I was lucky to be sitting closest to the fried bananas, my favorite, and to have Alicia right next to me. At home, our parents knew better and always separated us so we wouldn't talk and giggle when we should be learning proper table manners. It seemed that Mami was more concerned with what fork I used for the salad than with my school work.

Most of the time, Abuelo and Abuela were amused by our antics and laughed at what our parents called foolishness.

"Look at how dark you're getting," Abuela said as she handed me a large bowl of fluffy yellow rice. "People will think you're a mulatica and not the white, full-blooded Spaniard that you are." Being a full-blooded Spaniard was also a very important thing, even more important than proper manners.

I helped myself to a generous serving of rice. "Look at Alicia. She's almost as dark as me," I shot back.

"Alicia's a Spaniard through and through," Abuela said. "With those light eyes and hair, there's no mistaking her heritage. She can get as black as a ripened date, and she'll still look like a Spaniard."

At these moments, the only thing that kept me from envying Alicia for her superior coloring, was that she always came to my rescue. "I think Nora looks beautiful, like a tropical princess," she said.

"That's right, Abuela. I look like a tropical princess."

Abuelo laughed. Having been born in Spain, he was more Spanish than anyone, but he didn't care as much as Abuela about where people came from or who their parents were. And even though he never bragged, everyone knew he was a real Spaniard because of his accent and eloquent speech, so different from the brusque Cuban style. "Would the princess mind passing the plátanos before she eats them all herself?" he asked with a slight bow of his head.

Later that afternoon, after we'd had our mandatory naps, Abuelo was easily persuaded to go out to the beach and continue his swimming lessons. I promised Papi I'd learn to be a good swimmer during this week's vacation, but I hadn't progressed nearly enough to impress him.

"Too much time playing around and not enough time practicing," Abuelo declared as he stood with us on the shore wearing dark blue swim trunks and a white guayabera shirt, perfectly pressed by Abuela that morning and every morning.

Alicia and I stood on either side of him, each clasping onto one of his big hands as we gazed out at the peaceful sea. Together, we stepped into the water and felt the waves caress our feet. We ventured in further and the silky blanket swirled up to our knees and then up to our waists, but we could easily see our toes wiggling in the sand.

We stood silent and nervous, waiting for Abuelo's instructions to begin. Perhaps he'd have us float on our backs as he usually did. Maybe we'd practice kicking our feet with our heads under water while he taxied us around by our hands that grasped at him for dear life when he dared to let go.
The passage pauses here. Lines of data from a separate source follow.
lemma small_quasi_kernel_cycle:
  assumes cycle: "is_cycle A c"
  shows "\<exists>Q. small_quasi_kernel (set c) (walk_arcs c) Q"
proof -
  define h where "h = hd c"
  have "h \<in> set c"
    using cycle unfolding is_cycle_def h_def by (cases c) auto
  then obtain us where us: "distinct (h # us)" "set c = insert h (set us)"
    "walk_arcs c = walk_arcs (h # us @ [h])" "length c = length us + 2"
    by (rule is_cycle_rotate[OF cycle])
  have "us \<noteq> []"
    using cycle us(4) unfolding is_cycle_def by auto
  then interpret detour "{h}" "{}" "{h}" h h us
    using us(1) by unfold_locales (auto simp: independent_def)
  have "card (set c) = m + 1"
    using us(1,2) by (simp add: distinct_card m_def)
  moreover have "card ({h} \<union> S) \<le> 1 + card S"
    using card_Un_le[of "{h}" S] by simp
  ultimately have "2 * card ({h} \<union> S) \<le> card (set c)"
    using card_S(2) by simp
  then have "small_quasi_kernel (set c) G ({h} \<union> S)"
    using S_subset independent_kernel kernel_absorbing us(2)
    by (auto simp: small_quasi_kernel_iff)
  then show ?thesis
    using us(3) unfolding G_def by auto
qed

lemma ear_built_finite_arcs: "ear_built i V A H AH \<Longrightarrow> finite H \<and> AH \<subseteq> H \<times> H"
  by (induction rule: ear_built.induct) (auto dest: subsetD[OF walk_arcs_subset])

lemma ear_built_small_quasi_kernel:
  "ear_built i V A H AH \<Longrightarrow> 3 \<le> i \<Longrightarrow> \<exists>Q. small_quasi_kernel H AH Q"
proof (induction rule: ear_built.induct)
  case (start c)
  show ?case
    by (rule small_quasi_kernel_cycle[OF start.hyps(1)])
next
  case (add_ear H AH p)
  obtain Q where Q: "small_quasi_kernel H AH Q"
    using add_ear.IH add_ear.prems by blast
  obtain h0 h1 us where detour: "h0 \<in> H" "h1 \<in> H" "distinct us" "set us \<inter> H = {}"
    and vertices: "H \<union> set p = H \<union> set us" and arcs: "walk_arcs p = walk_arcs (h0 # us @ [h1])"
    and length: "length p = length us + 2"
    using is_ear_detour[OF add_ear.hyps(2)] by blast
  have "2 \<le> length us"
    using add_ear.hyps(4) add_ear.prems length by linarith
  then have "\<exists>Q'. small_quasi_kernel (H \<union> set us) (AH \<union> walk_arcs (h0 # us @ [h1])) Q'"
    using small_quasi_kernel_add_detour[OF Q _ _ detour] ear_built_finite_arcs[OF add_ear.hyps(1)]
    by blast
  then show ?case
    using vertices arcs by simp
qed

theorem mainTheorem3:
  fixes V :: "'a set" and A :: "('a \<times> 'a) set" and i :: nat
  assumes "digraph V A" and "i \<ge> 3" and "strong V A" and "LE i V A"
  shows "\<exists>Q. small_quasi_kernel V A Q"
proof -
  have "ear_built i V A V A"
    using assms(4) unfolding LE_def by blast
  then show ?thesis
    using ear_built_small_quasi_kernel assms(2) by blast
qed

end
(* $\mathcal{E}_0\neq\mathcal{E}_1$ and $\mathcal{E}_1=\mathcal{E}_\infty$. Consequently $\mathcal{E}_d=\mathcal{E}_1$ for all $d\ge 1$.
   Context: Fix an infinite set $\mathcal{A}$ (of actions) and a finite non-empty set $T$ (of types). A typed temporal graph is a triple $(G,t,\tau)$ where $G$ is a directed graph with node set $\mathrm{nodes}(G)\subseteq\mathcal{A}$ and edge set $\mathrm{edges}(G)\subseteq\mathrm{nodes}(G)\times\mathrm{nodes}(G)$ (no rootedness or acyclicity assumed), $t\colon\mathrm{nodes}(G)\to\mathbb{R}$ and $\tau\colon\mathrm{nodes}(G)\to T$. Write $(G,t,\tau)\preceq(G',t',\tau')$ iff $\mathrm{nodes}(G)\subseteq\mathrm{nodes}(G')$, $\mathrm{edges}(G)\subseteq\mathrm{edges}(G')$, $t'|_{\mathrm{nodes}(G)}=t$ and $\tau'|_{\mathrm{nodes}(G)}=\tau$. Let $\mathcal{G}$ be the set of all finite sequences $(G_k)_{k=0}^n$ ($n\ge 0$) of typed temporal graphs $(G_k,t_k,\tau_k)$. A typed temporal graph is $\mathcal{A}$-trivial iff its node set is $\{r\}$ for some $r\in\mathcal{A}$ and it has no edges. Direct emission: $G'$ is obtained from $G$ by direct emissions iff $G\preceq G'$ and there exist a finite non-empty set $B\subseteq\mathcal{A}$ with $B\cap\mathrm{nodes}(G)=\emptyset$ and $p\in\mathrm{nodes}(G)$ such that $\mathrm{nodes}(G')=\mathrm{nodes}(G)\cup B$, $\mathrm{edges}(G')=\mathrm{edges}(G)\cup\{(p,b):b\in B\}$, and $t(p)<t'(b)$ for all $b\in B$. Invocation: for $\mathcal{E}\subseteq\mathcal{G}$, $G'$ is obtained from $G$ by $\mathcal{E}$-invocation iff there exist $p\in\mathrm{nodes}(G)$, a sequence $(H_i,t^H_i,\tau^H_i)_{i=0}^m\in\mathcal{E}$ with $\mathrm{nodes}(H_i)\cap\mathrm{nodes}(G)=\emptyset$ for all $i$, and a node $q_m\in\mathrm{nodes}(H_m)$ of in-degree zero in $H_m$, such that $\mathrm{nodes}(G')=\mathrm{nodes}(G)\cup\mathrm{nodes}(H_m)$, $\mathrm{edges}(G')=\mathrm{edges}(G)\cup\mathrm{edges}(H_m)\cup\{(p,q_m)\}$, $t'=t\sqcup t^H_m$, $\tau'=\tau\sqcup\tau^H_m$, and $t(p)<t^H_m(q_m)$ (here $f\sqcup g$ denotes the common extension of two maps with disjoint domains). Define $\varphi(\mathcal{E})$, for $\mathcal{E}\subseteq\mathcal{G}$, as the set of all $(G_k)_{k=0}^n\in\mathcal{G}$ such that $G_0$ is $\mathcal{A}$-trivial and, for each $0\le k<n$, $G_{k+1}$ is obtained from $G_k$ either by direct emissions or by $\mathcal{E}$-invocation. Define $\mathcal{E}_0=\varphi(\emptyset)$, $\mathcal{E}_{d+1}=\varphi(\mathcal{E}_d)$ for $d\in\mathbb{N}$, and $\mathcal{E}_\infty=\bigcup_{d\in\mathbb{N}}\mathcal{E}_d$. *)

theory Defs
  imports Complex_Main
begin

text \<open>The timing and typing maps are total HOL functions; to represent maps defined
  only on the node set, well-formed graphs are required to be extensional
  (value undefined outside the node set), so that each mathematical graph has
  a unique representation.\<close>

record ('a, 't) tgraph =
  nodes :: "'a set"
  edges :: "('a \<times> 'a) set"
  ttime :: "'a \<Rightarrow> real"
  ttype :: "'a \<Rightarrow> 't"

definition wf_tg :: "('a, 't) tgraph \<Rightarrow> bool" where
  "wf_tg G \<longleftrightarrow> edges G \<subseteq> nodes G \<times> nodes G
     \<and> (\<forall>x. x \<notin> nodes G \<longrightarrow> ttime G x = undefined \<and> ttype G x = undefined)"

definition tg_le :: "('a, 't) tgraph \<Rightarrow> ('a, 't) tgraph \<Rightarrow> bool" where
  "tg_le G G' \<longleftrightarrow> nodes G \<subseteq> nodes G' \<and> edges G \<subseteq> edges G'
     \<and> (\<forall>x\<in>nodes G. ttime G' x = ttime G x \<and> ttype G' x = ttype G x)"

definition GG :: "('a, 't) tgraph list set" where
  "GG = {Gs. Gs \<noteq> [] \<and> (\<forall>G\<in>set Gs. wf_tg G)}"

definition trivial_tg :: "('a, 't) tgraph \<Rightarrow> bool" where
  "trivial_tg G \<longleftrightarrow> (\<exists>r. nodes G = {r} \<and> edges G = {})"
Or he'd dive into deeper water while we clung to his neck, laughing and sputtering when he came up for air. "Not so deep, Abuelo!" we'd cry, hoping he'd go a little deeper still.

Instead, he pointed to the platform that floated a hundred yards from the shore. "You see that out there?"

We were quite familiar with the platform. This was the famous place to which both of our fathers had to swim as children in order to be declared real swimmers and allowed into the ocean without adult supervision. We'd heard the stories a million times and when our parents dropped us off we bragged that by the end of the week we would've conquered the platform.

On most days older kids were on and around it, diving into the water, lifting themselves easily on to the wooden planks, and jumping off again like loud happy seals, but on this afternoon the platform bobbed about without a soul upon it. In fact, except for a couple very far off holding hands, the beach was empty. Everyone still seemed to be resting after lunch.

"Well, do you see it?" Abuelo asked again, still pointing.

I felt the butterflies begin to stir. "Yes, I see it."

I detected a slight tremor in Alicia's voice as well.

He squeezed our hands. "Today you're going to swim out there all by yourselves. Who wants to go first?"

Neither of us spoke. "What? Nobody wants to go first?" Abuelo smiled down at us and then with an exaggerated expression of concern and surprise said, "You're not afraid, are you?"

"I think I'm a little bit afraid," I said.

Alicia thrust out her chin. "I'm not. I'll go first."

"That's my girl!" Abuelo dropped my hand and held Alicia's up in the air as if she'd won a prizefight.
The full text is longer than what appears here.